#### Task objective:
Repeat exactly, and only, the lines of the entries below from the one with "then obtain j" through the one with "obtain \<mu>s where", both ends included.

#### Records for this task:
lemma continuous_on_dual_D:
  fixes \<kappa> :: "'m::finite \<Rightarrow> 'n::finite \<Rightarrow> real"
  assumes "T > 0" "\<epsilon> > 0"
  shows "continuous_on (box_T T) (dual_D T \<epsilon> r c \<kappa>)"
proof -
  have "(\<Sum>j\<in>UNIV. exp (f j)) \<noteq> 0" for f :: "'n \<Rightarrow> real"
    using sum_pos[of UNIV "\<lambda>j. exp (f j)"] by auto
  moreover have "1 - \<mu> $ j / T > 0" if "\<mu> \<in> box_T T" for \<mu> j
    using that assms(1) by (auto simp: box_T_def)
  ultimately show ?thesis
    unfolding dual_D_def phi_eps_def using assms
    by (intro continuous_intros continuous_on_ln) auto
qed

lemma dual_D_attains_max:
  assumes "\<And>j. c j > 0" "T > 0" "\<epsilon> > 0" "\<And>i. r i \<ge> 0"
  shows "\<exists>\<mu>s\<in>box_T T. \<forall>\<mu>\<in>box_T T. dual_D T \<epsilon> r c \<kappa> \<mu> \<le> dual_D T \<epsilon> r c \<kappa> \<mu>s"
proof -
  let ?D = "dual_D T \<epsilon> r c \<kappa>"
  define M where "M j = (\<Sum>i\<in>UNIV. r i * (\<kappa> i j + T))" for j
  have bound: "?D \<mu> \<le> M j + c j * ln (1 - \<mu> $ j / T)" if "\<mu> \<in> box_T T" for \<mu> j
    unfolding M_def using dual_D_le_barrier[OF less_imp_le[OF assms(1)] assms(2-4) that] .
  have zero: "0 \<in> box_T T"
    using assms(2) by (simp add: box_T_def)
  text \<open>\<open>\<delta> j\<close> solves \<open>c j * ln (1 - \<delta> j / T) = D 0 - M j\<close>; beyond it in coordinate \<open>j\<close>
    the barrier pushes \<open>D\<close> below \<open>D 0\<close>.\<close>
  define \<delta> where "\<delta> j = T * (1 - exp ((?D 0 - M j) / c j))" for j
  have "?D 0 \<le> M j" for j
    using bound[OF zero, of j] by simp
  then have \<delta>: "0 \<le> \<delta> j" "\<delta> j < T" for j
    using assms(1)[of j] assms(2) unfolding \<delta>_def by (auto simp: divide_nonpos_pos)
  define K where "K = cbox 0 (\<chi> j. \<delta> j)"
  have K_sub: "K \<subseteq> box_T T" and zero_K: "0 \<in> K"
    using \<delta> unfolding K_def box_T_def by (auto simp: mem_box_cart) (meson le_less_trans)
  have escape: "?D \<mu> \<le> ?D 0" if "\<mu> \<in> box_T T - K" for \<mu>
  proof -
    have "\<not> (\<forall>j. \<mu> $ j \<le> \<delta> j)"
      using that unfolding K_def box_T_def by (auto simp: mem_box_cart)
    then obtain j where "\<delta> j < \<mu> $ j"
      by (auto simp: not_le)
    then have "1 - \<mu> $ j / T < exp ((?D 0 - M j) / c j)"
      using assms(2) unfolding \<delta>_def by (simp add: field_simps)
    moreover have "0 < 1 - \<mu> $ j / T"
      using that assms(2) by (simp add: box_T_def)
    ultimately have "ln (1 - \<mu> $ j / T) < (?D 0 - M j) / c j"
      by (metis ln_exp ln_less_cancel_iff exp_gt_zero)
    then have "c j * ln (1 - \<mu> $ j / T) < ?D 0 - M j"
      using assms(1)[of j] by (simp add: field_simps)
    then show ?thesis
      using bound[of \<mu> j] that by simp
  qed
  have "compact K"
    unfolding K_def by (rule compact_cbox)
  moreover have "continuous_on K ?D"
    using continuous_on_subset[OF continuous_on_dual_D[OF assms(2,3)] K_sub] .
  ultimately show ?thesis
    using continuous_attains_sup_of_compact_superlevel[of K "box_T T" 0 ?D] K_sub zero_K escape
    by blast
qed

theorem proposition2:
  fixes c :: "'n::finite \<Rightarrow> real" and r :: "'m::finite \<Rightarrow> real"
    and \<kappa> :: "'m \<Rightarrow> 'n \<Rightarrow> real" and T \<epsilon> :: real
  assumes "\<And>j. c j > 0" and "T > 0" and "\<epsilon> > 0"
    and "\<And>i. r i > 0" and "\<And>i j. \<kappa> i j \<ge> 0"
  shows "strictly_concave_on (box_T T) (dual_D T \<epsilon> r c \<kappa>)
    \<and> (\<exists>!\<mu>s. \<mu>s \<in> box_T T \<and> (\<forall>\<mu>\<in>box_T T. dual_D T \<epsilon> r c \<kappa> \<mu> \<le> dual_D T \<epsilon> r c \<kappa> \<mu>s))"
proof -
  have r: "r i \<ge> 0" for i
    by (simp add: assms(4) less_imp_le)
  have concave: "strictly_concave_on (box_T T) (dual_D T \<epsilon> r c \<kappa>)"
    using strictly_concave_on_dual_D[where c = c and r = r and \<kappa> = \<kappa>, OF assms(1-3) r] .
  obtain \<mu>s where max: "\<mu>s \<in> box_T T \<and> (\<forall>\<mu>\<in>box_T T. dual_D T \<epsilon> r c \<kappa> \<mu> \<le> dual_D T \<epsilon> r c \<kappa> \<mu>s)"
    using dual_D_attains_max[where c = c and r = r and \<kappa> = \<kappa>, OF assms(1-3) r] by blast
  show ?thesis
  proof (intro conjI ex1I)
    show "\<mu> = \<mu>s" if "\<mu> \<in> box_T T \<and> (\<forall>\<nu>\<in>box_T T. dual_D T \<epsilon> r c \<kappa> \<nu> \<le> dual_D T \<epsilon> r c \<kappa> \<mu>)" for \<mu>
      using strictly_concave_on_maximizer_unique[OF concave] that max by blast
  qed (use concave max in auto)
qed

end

#### Problem solution:
    then obtain j where "\<delta> j < \<mu> $ j"
      by (auto simp: not_le)
    then have "1 - \<mu> $ j / T < exp ((?D 0 - M j) / c j)"
      using assms(2) unfolding \<delta>_def by (simp add: field_simps)
    moreover have "0 < 1 - \<mu> $ j / T"
      using that assms(2) by (simp add: box_T_def)
    ultimately have "ln (1 - \<mu> $ j / T) < (?D 0 - M j) / c j"
      by (metis ln_exp ln_less_cancel_iff exp_gt_zero)
    then have "c j * ln (1 - \<mu> $ j / T) < ?D 0 - M j"
      using assms(1)[of j] by (simp add: field_simps)
    then show ?thesis
      using bound[of \<mu> j] that by simp
  qed
  have "compact K"
    unfolding K_def by (rule compact_cbox)
  moreover have "continuous_on K ?D"
    using continuous_on_subset[OF continuous_on_dual_D[OF assms(2,3)] K_sub] .
  ultimately show ?thesis
    using continuous_attains_sup_of_compact_superlevel[of K "box_T T" 0 ?D] K_sub zero_K escape
    by blast
qed

theorem proposition2:
  fixes c :: "'n::finite \<Rightarrow> real" and r :: "'m::finite \<Rightarrow> real"
    and \<kappa> :: "'m \<Rightarrow> 'n \<Rightarrow> real" and T \<epsilon> :: real
  assumes "\<And>j. c j > 0" and "T > 0" and "\<epsilon> > 0"
    and "\<And>i. r i > 0" and "\<And>i j. \<kappa> i j \<ge> 0"
  shows "strictly_concave_on (box_T T) (dual_D T \<epsilon> r c \<kappa>)
    \<and> (\<exists>!\<mu>s. \<mu>s \<in> box_T T \<and> (\<forall>\<mu>\<in>box_T T. dual_D T \<epsilon> r c \<kappa> \<mu> \<le> dual_D T \<epsilon> r c \<kappa> \<mu>s))"
proof -
  have r: "r i \<ge> 0" for i
    by (simp add: assms(4) less_imp_le)
  have concave: "strictly_concave_on (box_T T) (dual_D T \<epsilon> r c \<kappa>)"
    using strictly_concave_on_dual_D[where c = c and r = r and \<kappa> = \<kappa>, OF assms(1-3) r] .
  obtain \<mu>s where max: "\<mu>s \<in> box_T T \<and> (\<forall>\<mu>\<in>box_T T. dual_D T \<epsilon> r c \<kappa> \<mu> \<le> dual_D T \<epsilon> r c \<kappa> \<mu>s)"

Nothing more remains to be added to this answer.